[Stored records]
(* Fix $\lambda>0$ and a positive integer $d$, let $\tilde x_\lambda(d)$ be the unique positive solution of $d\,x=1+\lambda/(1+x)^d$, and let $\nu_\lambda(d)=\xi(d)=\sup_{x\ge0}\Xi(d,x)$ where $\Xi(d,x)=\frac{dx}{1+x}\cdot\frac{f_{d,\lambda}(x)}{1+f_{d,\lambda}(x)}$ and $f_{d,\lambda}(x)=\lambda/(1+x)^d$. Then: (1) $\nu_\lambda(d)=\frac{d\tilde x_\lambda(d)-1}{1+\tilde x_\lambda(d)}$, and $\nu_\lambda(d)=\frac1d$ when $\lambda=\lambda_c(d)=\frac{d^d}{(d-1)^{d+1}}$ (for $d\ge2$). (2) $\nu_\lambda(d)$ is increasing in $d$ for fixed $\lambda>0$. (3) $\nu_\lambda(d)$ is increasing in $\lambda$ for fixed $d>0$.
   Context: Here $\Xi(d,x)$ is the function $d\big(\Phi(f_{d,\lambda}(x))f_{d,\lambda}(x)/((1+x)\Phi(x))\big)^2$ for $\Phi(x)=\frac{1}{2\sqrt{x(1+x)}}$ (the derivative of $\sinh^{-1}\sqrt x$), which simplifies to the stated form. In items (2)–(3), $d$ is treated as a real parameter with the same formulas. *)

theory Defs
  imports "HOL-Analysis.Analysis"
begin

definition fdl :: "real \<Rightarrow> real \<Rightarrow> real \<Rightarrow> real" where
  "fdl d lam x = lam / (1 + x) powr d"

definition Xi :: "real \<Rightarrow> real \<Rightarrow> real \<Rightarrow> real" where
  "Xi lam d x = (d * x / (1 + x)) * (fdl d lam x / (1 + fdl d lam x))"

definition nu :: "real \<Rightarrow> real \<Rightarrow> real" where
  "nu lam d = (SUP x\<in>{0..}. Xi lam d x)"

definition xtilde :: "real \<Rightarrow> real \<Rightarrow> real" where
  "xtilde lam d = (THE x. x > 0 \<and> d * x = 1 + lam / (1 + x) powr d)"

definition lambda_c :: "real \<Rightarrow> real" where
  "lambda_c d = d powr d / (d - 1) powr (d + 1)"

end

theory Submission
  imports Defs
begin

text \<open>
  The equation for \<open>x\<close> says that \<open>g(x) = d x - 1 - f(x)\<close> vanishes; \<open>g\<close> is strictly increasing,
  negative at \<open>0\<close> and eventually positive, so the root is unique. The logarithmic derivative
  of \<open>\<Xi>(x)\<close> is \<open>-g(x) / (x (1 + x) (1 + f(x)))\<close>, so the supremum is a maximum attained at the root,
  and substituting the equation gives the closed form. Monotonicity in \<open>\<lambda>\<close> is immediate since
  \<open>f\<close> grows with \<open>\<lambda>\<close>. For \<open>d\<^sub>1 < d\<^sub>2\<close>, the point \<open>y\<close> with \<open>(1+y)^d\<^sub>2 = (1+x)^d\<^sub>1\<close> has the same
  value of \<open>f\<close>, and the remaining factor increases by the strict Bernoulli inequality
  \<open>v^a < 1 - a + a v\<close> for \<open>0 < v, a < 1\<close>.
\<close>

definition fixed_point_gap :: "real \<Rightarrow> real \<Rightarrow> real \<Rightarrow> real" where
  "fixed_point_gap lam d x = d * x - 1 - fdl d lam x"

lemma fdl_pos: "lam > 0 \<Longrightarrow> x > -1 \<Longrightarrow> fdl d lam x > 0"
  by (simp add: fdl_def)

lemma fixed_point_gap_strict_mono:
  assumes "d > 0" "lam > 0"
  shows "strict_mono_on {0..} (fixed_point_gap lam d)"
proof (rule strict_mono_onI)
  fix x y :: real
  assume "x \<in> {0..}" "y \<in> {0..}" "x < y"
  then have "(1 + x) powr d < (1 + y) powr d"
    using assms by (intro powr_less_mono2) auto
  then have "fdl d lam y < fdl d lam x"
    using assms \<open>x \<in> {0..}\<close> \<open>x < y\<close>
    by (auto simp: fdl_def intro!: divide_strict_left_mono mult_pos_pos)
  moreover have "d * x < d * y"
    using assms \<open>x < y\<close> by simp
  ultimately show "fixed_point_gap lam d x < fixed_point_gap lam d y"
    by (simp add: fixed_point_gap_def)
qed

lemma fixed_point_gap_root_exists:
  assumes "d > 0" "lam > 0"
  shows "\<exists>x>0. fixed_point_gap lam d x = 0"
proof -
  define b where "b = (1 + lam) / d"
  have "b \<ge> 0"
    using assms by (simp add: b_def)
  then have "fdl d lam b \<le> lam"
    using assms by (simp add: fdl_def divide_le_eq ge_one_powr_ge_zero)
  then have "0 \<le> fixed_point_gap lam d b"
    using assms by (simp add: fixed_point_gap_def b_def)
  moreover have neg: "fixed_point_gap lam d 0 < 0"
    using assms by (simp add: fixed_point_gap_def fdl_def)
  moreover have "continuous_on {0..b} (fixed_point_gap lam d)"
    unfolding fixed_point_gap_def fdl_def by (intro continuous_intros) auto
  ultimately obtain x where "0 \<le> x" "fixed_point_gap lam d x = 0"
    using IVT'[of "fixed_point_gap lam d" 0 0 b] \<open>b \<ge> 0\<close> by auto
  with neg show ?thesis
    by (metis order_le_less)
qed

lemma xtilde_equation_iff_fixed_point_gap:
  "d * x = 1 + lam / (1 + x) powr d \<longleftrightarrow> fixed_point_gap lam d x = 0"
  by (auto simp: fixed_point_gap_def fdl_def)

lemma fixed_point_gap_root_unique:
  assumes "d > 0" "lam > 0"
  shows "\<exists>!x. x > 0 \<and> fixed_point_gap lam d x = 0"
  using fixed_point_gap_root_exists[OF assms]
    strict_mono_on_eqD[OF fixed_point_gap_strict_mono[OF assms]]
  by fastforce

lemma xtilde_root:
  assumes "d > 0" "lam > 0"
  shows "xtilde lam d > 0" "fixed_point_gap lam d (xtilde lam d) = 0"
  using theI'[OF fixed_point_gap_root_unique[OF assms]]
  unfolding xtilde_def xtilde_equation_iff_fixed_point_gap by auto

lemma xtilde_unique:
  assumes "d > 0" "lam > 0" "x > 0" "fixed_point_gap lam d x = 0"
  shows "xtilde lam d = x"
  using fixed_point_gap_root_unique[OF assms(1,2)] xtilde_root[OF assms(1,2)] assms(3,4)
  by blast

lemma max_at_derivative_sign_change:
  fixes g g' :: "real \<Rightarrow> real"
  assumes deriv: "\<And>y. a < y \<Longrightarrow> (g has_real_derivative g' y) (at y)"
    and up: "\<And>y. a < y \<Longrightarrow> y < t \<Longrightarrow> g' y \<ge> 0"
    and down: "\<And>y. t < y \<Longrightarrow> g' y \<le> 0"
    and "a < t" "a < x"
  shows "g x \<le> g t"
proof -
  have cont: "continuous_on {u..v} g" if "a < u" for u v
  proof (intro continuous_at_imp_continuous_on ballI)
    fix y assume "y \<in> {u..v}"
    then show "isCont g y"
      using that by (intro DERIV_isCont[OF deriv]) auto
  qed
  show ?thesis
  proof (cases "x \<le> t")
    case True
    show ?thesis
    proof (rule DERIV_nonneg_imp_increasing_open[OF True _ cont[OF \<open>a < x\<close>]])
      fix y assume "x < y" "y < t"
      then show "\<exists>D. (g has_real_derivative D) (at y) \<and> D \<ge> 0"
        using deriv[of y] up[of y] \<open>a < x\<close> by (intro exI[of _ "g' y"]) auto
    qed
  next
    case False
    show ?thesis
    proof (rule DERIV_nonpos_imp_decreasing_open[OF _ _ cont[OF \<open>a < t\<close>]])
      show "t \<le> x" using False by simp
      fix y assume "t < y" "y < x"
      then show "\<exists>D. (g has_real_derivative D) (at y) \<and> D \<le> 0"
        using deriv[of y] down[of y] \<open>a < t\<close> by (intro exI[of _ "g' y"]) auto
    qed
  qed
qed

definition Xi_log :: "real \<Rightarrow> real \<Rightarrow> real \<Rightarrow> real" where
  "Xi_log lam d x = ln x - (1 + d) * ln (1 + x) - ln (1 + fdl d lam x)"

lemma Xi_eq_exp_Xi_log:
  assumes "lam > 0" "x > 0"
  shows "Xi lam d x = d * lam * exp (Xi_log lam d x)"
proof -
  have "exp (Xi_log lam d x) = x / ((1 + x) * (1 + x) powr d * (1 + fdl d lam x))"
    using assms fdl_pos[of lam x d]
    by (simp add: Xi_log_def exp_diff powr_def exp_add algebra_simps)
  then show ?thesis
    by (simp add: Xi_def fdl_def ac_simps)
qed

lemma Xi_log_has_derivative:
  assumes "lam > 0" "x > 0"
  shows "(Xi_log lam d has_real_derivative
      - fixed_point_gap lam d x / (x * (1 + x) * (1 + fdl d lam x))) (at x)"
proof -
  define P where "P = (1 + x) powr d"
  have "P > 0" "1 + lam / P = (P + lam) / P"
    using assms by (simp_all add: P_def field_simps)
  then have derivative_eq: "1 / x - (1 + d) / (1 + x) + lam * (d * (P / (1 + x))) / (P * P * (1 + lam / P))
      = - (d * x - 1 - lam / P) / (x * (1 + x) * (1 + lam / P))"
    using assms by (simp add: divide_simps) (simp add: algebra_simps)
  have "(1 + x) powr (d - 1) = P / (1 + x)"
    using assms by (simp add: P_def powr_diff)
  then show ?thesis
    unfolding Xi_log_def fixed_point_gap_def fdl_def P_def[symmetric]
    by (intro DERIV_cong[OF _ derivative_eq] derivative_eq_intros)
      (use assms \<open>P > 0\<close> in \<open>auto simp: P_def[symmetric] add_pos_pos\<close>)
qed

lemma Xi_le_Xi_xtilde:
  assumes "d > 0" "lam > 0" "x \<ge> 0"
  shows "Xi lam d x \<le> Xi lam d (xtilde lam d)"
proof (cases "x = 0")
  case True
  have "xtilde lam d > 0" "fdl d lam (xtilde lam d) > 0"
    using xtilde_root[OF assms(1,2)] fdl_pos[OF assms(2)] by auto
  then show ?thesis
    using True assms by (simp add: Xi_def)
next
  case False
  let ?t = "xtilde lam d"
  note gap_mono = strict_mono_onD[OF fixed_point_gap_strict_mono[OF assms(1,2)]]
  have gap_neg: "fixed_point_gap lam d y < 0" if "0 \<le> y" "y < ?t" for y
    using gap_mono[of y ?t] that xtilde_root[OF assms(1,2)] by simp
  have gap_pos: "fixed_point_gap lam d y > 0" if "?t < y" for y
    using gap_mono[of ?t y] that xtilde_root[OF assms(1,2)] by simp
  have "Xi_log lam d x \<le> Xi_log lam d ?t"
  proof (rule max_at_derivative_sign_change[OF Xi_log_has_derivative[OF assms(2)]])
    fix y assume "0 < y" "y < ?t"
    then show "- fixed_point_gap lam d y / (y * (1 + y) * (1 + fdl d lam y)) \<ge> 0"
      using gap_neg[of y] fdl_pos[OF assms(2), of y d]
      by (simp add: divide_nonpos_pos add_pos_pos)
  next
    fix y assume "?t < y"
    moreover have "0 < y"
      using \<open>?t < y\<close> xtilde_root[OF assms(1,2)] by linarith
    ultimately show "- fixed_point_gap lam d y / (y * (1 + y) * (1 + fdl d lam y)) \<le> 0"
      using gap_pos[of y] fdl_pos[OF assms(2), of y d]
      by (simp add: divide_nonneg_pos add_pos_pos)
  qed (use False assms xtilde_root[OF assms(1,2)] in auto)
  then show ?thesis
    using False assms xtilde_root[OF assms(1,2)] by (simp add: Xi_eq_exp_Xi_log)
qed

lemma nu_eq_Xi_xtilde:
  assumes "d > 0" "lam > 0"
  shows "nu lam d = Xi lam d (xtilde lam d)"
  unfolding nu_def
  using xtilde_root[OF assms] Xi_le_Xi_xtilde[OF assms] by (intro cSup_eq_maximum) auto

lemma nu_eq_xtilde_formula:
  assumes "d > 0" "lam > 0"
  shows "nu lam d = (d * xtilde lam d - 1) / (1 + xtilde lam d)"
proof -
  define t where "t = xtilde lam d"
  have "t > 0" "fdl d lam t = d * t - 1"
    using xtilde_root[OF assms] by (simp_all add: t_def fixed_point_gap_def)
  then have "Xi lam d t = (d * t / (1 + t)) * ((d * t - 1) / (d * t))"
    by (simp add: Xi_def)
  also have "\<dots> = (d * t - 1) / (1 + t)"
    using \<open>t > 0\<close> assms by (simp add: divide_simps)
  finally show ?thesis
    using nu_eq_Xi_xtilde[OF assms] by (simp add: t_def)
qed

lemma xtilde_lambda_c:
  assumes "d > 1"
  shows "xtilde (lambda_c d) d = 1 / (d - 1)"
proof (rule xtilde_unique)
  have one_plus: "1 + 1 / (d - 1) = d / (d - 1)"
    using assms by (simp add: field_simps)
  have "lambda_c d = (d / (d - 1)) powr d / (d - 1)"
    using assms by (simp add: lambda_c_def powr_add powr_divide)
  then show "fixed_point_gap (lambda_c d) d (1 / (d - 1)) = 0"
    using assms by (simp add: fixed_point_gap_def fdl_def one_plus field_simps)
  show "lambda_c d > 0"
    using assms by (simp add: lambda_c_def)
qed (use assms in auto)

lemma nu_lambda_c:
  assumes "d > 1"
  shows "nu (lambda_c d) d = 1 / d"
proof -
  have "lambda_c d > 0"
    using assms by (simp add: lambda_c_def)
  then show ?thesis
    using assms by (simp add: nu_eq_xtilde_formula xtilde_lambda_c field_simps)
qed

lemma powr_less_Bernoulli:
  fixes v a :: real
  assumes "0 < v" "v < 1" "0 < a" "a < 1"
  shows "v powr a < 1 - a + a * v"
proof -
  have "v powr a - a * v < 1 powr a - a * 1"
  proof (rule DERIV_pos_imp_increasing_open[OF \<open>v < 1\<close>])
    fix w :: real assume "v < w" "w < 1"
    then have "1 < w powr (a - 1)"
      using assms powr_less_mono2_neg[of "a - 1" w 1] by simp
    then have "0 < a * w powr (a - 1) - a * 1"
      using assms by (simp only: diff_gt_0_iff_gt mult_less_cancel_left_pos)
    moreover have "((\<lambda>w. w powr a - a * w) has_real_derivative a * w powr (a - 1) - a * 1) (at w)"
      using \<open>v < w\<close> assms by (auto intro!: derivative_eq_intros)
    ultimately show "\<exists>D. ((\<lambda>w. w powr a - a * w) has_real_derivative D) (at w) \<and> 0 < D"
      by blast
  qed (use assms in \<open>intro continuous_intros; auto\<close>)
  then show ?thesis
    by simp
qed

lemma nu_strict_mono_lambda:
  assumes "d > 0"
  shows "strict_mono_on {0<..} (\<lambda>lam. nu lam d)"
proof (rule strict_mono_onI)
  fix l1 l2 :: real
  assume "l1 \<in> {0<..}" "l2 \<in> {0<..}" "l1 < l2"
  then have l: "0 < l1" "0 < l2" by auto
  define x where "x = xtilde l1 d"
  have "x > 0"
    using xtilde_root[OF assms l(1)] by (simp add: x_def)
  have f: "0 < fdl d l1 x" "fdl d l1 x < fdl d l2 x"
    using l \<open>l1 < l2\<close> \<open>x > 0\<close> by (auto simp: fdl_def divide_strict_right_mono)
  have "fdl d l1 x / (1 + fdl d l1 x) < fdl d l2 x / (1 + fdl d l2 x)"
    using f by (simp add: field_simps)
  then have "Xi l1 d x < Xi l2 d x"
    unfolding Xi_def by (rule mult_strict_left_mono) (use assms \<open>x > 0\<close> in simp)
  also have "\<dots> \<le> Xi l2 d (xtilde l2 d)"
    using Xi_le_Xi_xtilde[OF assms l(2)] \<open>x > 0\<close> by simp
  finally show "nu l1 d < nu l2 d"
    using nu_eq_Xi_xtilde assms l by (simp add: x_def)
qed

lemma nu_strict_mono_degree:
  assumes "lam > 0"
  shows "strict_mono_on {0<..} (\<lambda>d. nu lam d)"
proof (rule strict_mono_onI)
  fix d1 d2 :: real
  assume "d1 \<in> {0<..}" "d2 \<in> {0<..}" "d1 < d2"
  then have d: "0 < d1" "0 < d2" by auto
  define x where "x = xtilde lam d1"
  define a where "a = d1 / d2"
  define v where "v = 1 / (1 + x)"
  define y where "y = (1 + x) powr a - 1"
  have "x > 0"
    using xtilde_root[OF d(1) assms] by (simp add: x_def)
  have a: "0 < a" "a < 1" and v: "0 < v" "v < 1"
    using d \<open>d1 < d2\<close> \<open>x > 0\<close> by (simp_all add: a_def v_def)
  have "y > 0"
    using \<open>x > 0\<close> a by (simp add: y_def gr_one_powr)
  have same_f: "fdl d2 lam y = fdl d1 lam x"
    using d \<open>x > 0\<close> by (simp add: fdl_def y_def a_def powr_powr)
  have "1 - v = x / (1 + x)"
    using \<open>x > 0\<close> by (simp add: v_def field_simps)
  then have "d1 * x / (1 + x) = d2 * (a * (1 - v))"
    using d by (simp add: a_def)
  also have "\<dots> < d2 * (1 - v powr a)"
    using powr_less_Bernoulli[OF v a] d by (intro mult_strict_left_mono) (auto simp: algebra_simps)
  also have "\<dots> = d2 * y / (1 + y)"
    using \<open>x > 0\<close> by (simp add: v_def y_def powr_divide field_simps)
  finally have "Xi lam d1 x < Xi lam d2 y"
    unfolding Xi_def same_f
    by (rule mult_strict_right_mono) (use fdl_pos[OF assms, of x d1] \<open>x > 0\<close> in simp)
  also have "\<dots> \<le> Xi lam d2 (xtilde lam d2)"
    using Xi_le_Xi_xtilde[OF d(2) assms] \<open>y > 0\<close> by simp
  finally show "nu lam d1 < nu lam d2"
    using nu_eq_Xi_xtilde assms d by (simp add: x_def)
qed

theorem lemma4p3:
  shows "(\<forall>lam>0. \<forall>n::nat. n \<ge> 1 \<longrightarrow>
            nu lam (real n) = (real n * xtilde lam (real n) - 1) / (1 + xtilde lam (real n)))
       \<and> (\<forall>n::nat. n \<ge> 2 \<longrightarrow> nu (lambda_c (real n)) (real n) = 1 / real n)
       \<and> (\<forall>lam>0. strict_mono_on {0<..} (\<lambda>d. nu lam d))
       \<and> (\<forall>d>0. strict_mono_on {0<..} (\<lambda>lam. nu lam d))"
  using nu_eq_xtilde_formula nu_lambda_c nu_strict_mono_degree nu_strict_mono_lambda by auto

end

WHAT YOU ARE ASKED TO DO: Your answer should be the exact lines above from the one with "using assms by (simp add: fixed_point_gap_def fdl_def one_plus" through the one with "fix w :: real", both included, and nothing besides.

RESPONSE:
    using assms by (simp add: fixed_point_gap_def fdl_def one_plus field_simps)
  show "lambda_c d > 0"
    using assms by (simp add: lambda_c_def)
qed (use assms in auto)

lemma nu_lambda_c:
  assumes "d > 1"
  shows "nu (lambda_c d) d = 1 / d"
proof -
  have "lambda_c d > 0"
    using assms by (simp add: lambda_c_def)
  then show ?thesis
    using assms by (simp add: nu_eq_xtilde_formula xtilde_lambda_c field_simps)
qed

lemma powr_less_Bernoulli:
  fixes v a :: real
  assumes "0 < v" "v < 1" "0 < a" "a < 1"
  shows "v powr a < 1 - a + a * v"
proof -
  have "v powr a - a * v < 1 powr a - a * 1"
  proof (rule DERIV_pos_imp_increasing_open[OF \<open>v < 1\<close>])
    fix w :: real assume "v < w" "w < 1"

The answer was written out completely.